--- DATASET RECORDS Enclosed Below ---
lemma mean_prop_le_mean_prop_mult:
  fixes f r :: "real \<Rightarrow> real"
  assumes f: "set_integrable lborel {0<..<1} f"
    and fr: "set_integrable lborel {0<..<1} (\<lambda>s. f s * r s)"
    and f_pos: "\<And>s. s \<in> {0<..<1} \<Longrightarrow> f s > 0" and r_pos: "\<And>s. s \<in> {0<..<1} \<Longrightarrow> r s > 0"
    and mono: "\<And>s t. s \<in> {0<..<1} \<Longrightarrow> t \<in> {0<..<1} \<Longrightarrow> s \<le> t \<Longrightarrow> r s \<le> r t"
  shows "mean_prop f \<le> mean_prop (\<lambda>s. f s * r s)"
    and "(\<And>s t. s \<in> {0<..<1} \<Longrightarrow> t \<in> {0<..<1} \<Longrightarrow> s < t \<Longrightarrow> r s < r t)
         \<Longrightarrow> mean_prop f < mean_prop (\<lambda>s. f s * r s)"
proof -
  define \<mu> where "\<mu> = mean_prop f"
  have \<mu>: "\<mu> \<in> {0<..<1}" and F: "(LBINT s:{0<..<1}. f s) > 0"
    using mean_prop_bounds[OF f f_pos] by (simp_all add: \<mu>_def)
  have H: "(LBINT s:{0<..<1}. f s * r s) > 0"
    using mean_prop_bounds[OF fr] f_pos r_pos by simp
  have cov_int: "set_integrable lborel {0<..<1} (\<lambda>s. (s - \<mu>) * (r s - r \<mu>) * f s)"
  proof -
    have "set_integrable lborel {0<..<1} (\<lambda>s. s * (f s * r s) - \<mu> * (f s * r s)
                                            - (r \<mu> * (s * f s) - (r \<mu> * \<mu>) * f s))"
      using f fr by (intro set_integral_diff set_integrable_mult_right set_integrable_unit_interval_mult_id)
    then show ?thesis by (simp add: algebra_simps)
  qed
  have cov_nonneg: "(s - \<mu>) * (r s - r \<mu>) * f s \<ge> 0" if s: "s \<in> {0<..<1}" for s
  proof -
    have "0 \<le> (s - \<mu>) * (r s - r \<mu>)"
    proof (cases "s \<le> \<mu>")
      case True
      then show ?thesis using mono[OF s \<mu> True] by (intro mult_nonpos_nonpos) auto
    next
      case False
      then show ?thesis using mono[OF \<mu> s] by (intro mult_nonneg_nonneg) auto
    qed
    then show ?thesis using f_pos[OF s] by simp
  qed
  have diff: "mean_prop (\<lambda>s. f s * r s) - \<mu> =
      (LBINT s:{0<..<1}. (s - \<mu>) * (r s - r \<mu>) * f s) / (LBINT s:{0<..<1}. f s * r s)"
    using mean_prop_mult_minus_mean_prop[OF f fr] F H by (simp add: \<mu>_def)
  have "(LBINT s:{0<..<1}. (s - \<mu>) * (r s - r \<mu>) * f s) \<ge> (LBINT s:{0<..<1::real}. (0::real))"
    by (rule set_integral_mono) (use cov_int cov_nonneg in \<open>auto simp: set_integrable_def\<close>)
  then have "mean_prop (\<lambda>s. f s * r s) - \<mu> \<ge> 0"
    unfolding diff using H by (simp add: divide_nonneg_pos)
  then show "mean_prop f \<le> mean_prop (\<lambda>s. f s * r s)" by (simp add: \<mu>_def)
  assume strict: "\<And>s t. s \<in> {0<..<1} \<Longrightarrow> t \<in> {0<..<1} \<Longrightarrow> s < t \<Longrightarrow> r s < r t"
  have "(s - \<mu>) * (r s - r \<mu>) * f s > 0" if s: "s \<in> {0<..<1}" "s \<noteq> \<mu>" for s
  proof -
    have "0 < (s - \<mu>) * (r s - r \<mu>)"
    proof (cases "s < \<mu>")
      case True
      then show ?thesis using strict[OF s(1) \<mu> True] by (intro mult_neg_neg) auto
    next
      case False
      then show ?thesis using strict[OF \<mu> s(1)] s(2) by (intro mult_pos_pos) auto
    qed
    then show ?thesis using f_pos[OF s(1)] by simp
  qed
  then have "(LBINT s:{0<..<1}. (s - \<mu>) * (r s - r \<mu>) * f s) > 0"
    using cov_int cov_nonneg by (intro set_integral_unit_interval_pos[where c=\<mu>])
  then have "mean_prop (\<lambda>s. f s * r s) - \<mu> > 0"
    unfolding diff using H by (simp add: divide_pos_pos)
  then show "mean_prop f < mean_prop (\<lambda>s. f s * r s)" by (simp add: \<mu>_def)
qed

abbreviation product_lborel :: "'i set \<Rightarrow> ('i \<Rightarrow> real) measure" where
  "product_lborel I \<equiv> PiM I (\<lambda>_. lborel)"

abbreviation unit_cube :: "'i set \<Rightarrow> ('i \<Rightarrow> real) set" where
  "unit_cube I \<equiv> PiE I (\<lambda>_. {0<..<1})"

definition cube_weight :: "'i set \<Rightarrow> ('i \<Rightarrow> real) \<Rightarrow> ('i \<Rightarrow> real) \<Rightarrow> real" where
  "cube_weight I c x = (\<Prod>i\<in>I. indicator {0<..<1} (x i) * (1 - x i) powr c i)"

lemma integrable_cube_weight:
  assumes "finite I" "\<And>i. i \<in> I \<Longrightarrow> c i > -1"
  shows "integrable (product_lborel I) (cube_weight I c)"
proof -
  interpret product_sigma_finite "\<lambda>_::'i. lborel :: real measure" by standard
  show ?thesis unfolding cube_weight_def
    using assms set_integrable_one_minus_powr
    by (intro product_integrable_prod) (auto simp: set_integrable_def mult.commute)
qed

lemma cube_weight_nonneg: "cube_weight I c x \<ge> 0"
  unfolding cube_weight_def by (intro prod_nonneg) (auto simp: indicator_def)

lemma cube_weight_pos: "finite I \<Longrightarrow> x \<in> unit_cube I \<Longrightarrow> cube_weight I c x > 0"
  unfolding cube_weight_def by (intro prod_pos) (auto simp: indicator_def)

lemma cube_weight_eq_prod:
  "x \<in> unit_cube I \<Longrightarrow> cube_weight I c x = (\<Prod>i\<in>I. (1 - x i) powr c i)"
  unfolding cube_weight_def by (auto intro!: prod.cong simp: PiE_iff)

lemma cube_weight_eq_0:
  assumes "finite I" "x \<in> space (product_lborel I)" "x \<notin> unit_cube I"
  shows "cube_weight I c x = 0"
  using assms unfolding cube_weight_def space_PiM
  by (subst prod_zero_iff) (auto simp: PiE_iff indicator_def)

lemma unit_cube_in_sets: "finite I \<Longrightarrow> unit_cube I \<in> sets (product_lborel I)"
  by (rule sets_PiM_I_finite) auto

lemma emeasure_unit_cube:
  assumes "finite I"
  shows "emeasure (product_lborel I) (unit_cube I) = 1"
proof -
  interpret product_sigma_finite "\<lambda>_::'i. lborel :: real measure" by standard
  show ?thesis using assms by (simp add: emeasure_PiM)
qed

lemma integrable_cube_weight_mult:
  fixes \<phi> :: "('i \<Rightarrow> real) \<Rightarrow> real"
  assumes I: "finite I" and c: "\<And>i. i \<in> I \<Longrightarrow> c i > -1"
    and meas: "\<phi> \<in> borel_measurable (product_lborel I)"
    and bound: "\<And>x. x \<in> unit_cube I \<Longrightarrow> \<bar>\<phi> x\<bar> \<le> K"
  shows "integrable (product_lborel I) (\<lambda>x. cube_weight I c x * \<phi> x)"
proof (rule Bochner_Integration.integrable_bound[OF _ _ AE_I2])
  show "integrable (product_lborel I) (\<lambda>x. cube_weight I c x * K)"
    using integrable_cube_weight[OF I c] by simp
  show "(\<lambda>x. cube_weight I c x * \<phi> x) \<in> borel_measurable (product_lborel I)"
    using integrable_cube_weight[OF I c] meas by measurable
  fix x assume x: "x \<in> space (product_lborel I)"
  show "norm (cube_weight I c x * \<phi> x) \<le> norm (cube_weight I c x * K)"
  proof (cases "x \<in> unit_cube I")
    case True
    have "\<bar>\<phi> x\<bar> \<le> \<bar>K\<bar>" using bound[OF True] by linarith
    then show ?thesis using cube_weight_nonneg[of I c x] by (simp add: abs_mult mult_left_mono)
  qed (simp add: cube_weight_eq_0[OF I x])
qed

lemma cube_weight_integral_mono:
  assumes I: "finite I"
    and int: "integrable (product_lborel I) (\<lambda>x. cube_weight I c x * \<phi> x)"
      "integrable (product_lborel I) (\<lambda>x. cube_weight I c x * \<psi> x)"
    and le: "\<And>x. x \<in> unit_cube I \<Longrightarrow> \<phi> x \<le> \<psi> x"
  shows "(\<integral>x. cube_weight I c x * \<phi> x \<partial>product_lborel I)
       \<le> (\<integral>x. cube_weight I c x * \<psi> x \<partial>product_lborel I)"
proof (rule integral_mono[OF int])
  fix x assume x: "x \<in> space (product_lborel I)"
  show "cube_weight I c x * \<phi> x \<le> cube_weight I c x * \<psi> x"
  proof (cases "x \<in> unit_cube I")
    case True
    then show ?thesis using le[OF True] cube_weight_nonneg by (intro mult_left_mono)
  qed (simp add: cube_weight_eq_0[OF I x])
qed

lemma cube_weight_integral_strict_mono:
  assumes I: "finite I"
    and int: "integrable (product_lborel I) (\<lambda>x. cube_weight I c x * \<phi> x)"
      "integrable (product_lborel I) (\<lambda>x. cube_weight I c x * \<psi> x)"
    and less: "\<And>x. x \<in> unit_cube I \<Longrightarrow> \<phi> x < \<psi> x"
  shows "(\<integral>x. cube_weight I c x * \<phi> x \<partial>product_lborel I)
       < (\<integral>x. cube_weight I c x * \<psi> x \<partial>product_lborel I)"
proof (rule integral_less_if_less_on[OF int _ _ unit_cube_in_sets[OF I]])
  show "emeasure (product_lborel I) (unit_cube I) \<noteq> 0" using emeasure_unit_cube[OF I] by simp
  show "cube_weight I c x * \<phi> x < cube_weight I c x * \<psi> x" if "x \<in> unit_cube I" for x
    using less[OF that] cube_weight_pos[OF I that] by simp
  fix x assume x: "x \<in> space (product_lborel I)"
  show "cube_weight I c x * \<phi> x \<le> cube_weight I c x * \<psi> x"
  proof (cases "x \<in> unit_cube I")
    case True
    then show ?thesis using less[OF True] cube_weight_nonneg by (intro mult_left_mono) auto
  qed (simp add: cube_weight_eq_0[OF I x])
qed

lemma cube_weight_integral_pos_bounded:
  assumes I: "finite I" and c: "\<And>i. i \<in> I \<Longrightarrow> c i > -1"
    and meas: "\<phi> \<in> borel_measurable (product_lborel I)"
    and bounds: "\<And>x. x \<in> unit_cube I \<Longrightarrow> 0 < \<phi> x \<and> \<phi> x \<le> K"
  shows "integrable (product_lborel I) (\<lambda>x. cube_weight I c x * \<phi> x)"
    and "0 < (\<integral>x. cube_weight I c x * \<phi> x \<partial>product_lborel I)"
    and "(\<integral>x. cube_weight I c x * \<phi> x \<partial>product_lborel I)
         \<le> K * (\<integral>x. cube_weight I c x \<partial>product_lborel I)"
proof -
  show int: "integrable (product_lborel I) (\<lambda>x. cube_weight I c x * \<phi> x)"
  proof (rule integrable_cube_weight_mult[OF I c meas])
    fix x assume "x \<in> unit_cube I"
    then show "\<bar>\<phi> x\<bar> \<le> K" using bounds[of x] by simp
  qed
  have "(\<integral>x. cube_weight I c x * 0 \<partial>product_lborel I)
      < (\<integral>x. cube_weight I c x * \<phi> x \<partial>product_lborel I)"
    using bounds by (intro cube_weight_integral_strict_mono[OF I _ int]) auto
  then show "0 < (\<integral>x. cube_weight I c x * \<phi> x \<partial>product_lborel I)" by simp
  have "(\<integral>x. cube_weight I c x * \<phi> x \<partial>product_lborel I)
      \<le> (\<integral>x. cube_weight I c x * K \<partial>product_lborel I)"
    using bounds integrable_cube_weight[OF I c] by (intro cube_weight_integral_mono[OF I int]) auto
  then show "(\<integral>x. cube_weight I c x * \<phi> x \<partial>product_lborel I)
      \<le> K * (\<integral>x. cube_weight I c x \<partial>product_lborel I)" by (simp add: mult.commute)
qed

lemma borel_measurable_cube_weight_integral:
  fixes \<phi> :: "real \<Rightarrow> ('i \<Rightarrow> real) \<Rightarrow> real"
  assumes I: "finite I" and c: "\<And>i. i \<in> I \<Longrightarrow> c i > -1"
    and meas: "(\<lambda>(s, x). \<phi> s x) \<in> borel_measurable (borel \<Otimes>\<^sub>M product_lborel I)"
  shows "(\<lambda>s. \<integral>x. cube_weight I c x * \<phi> s x \<partial>product_lborel I) \<in> borel_measurable borel"
proof -
  interpret product_sigma_finite "\<lambda>_::'i. lborel :: real measure" by standard
  interpret finite_product_sigma_finite "\<lambda>_::'i. lborel :: real measure" I by standard fact
  have "cube_weight I c \<in> borel_measurable (product_lborel I)"
    using integrable_cube_weight[OF I c] by measurable
  then have "(\<lambda>(s, x). cube_weight I c x * \<phi> s x) \<in> borel_measurable (borel \<Otimes>\<^sub>M product_lborel I)"
    using meas by (simp add: case_prod_beta') measurable
  then show ?thesis by (rule borel_measurable_lebesgue_integral)
qed

definition weight_exponent :: "real \<Rightarrow> (nat \<Rightarrow> nat) \<Rightarrow> nat \<Rightarrow> real" where
  "weight_exponent a p i = (a + real (p i)) / 2 - 2"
--- End of Enclosed DATASET RECORDS ---
TASK BRIEF -
Using the records above, copy each line that contains "equiv".

PROBLEM SOLUTION -
  "product_lborel I \<equiv> PiM I (\<lambda>_. lborel)"
  "unit_cube I \<equiv> PiE I (\<lambda>_. {0<..<1})"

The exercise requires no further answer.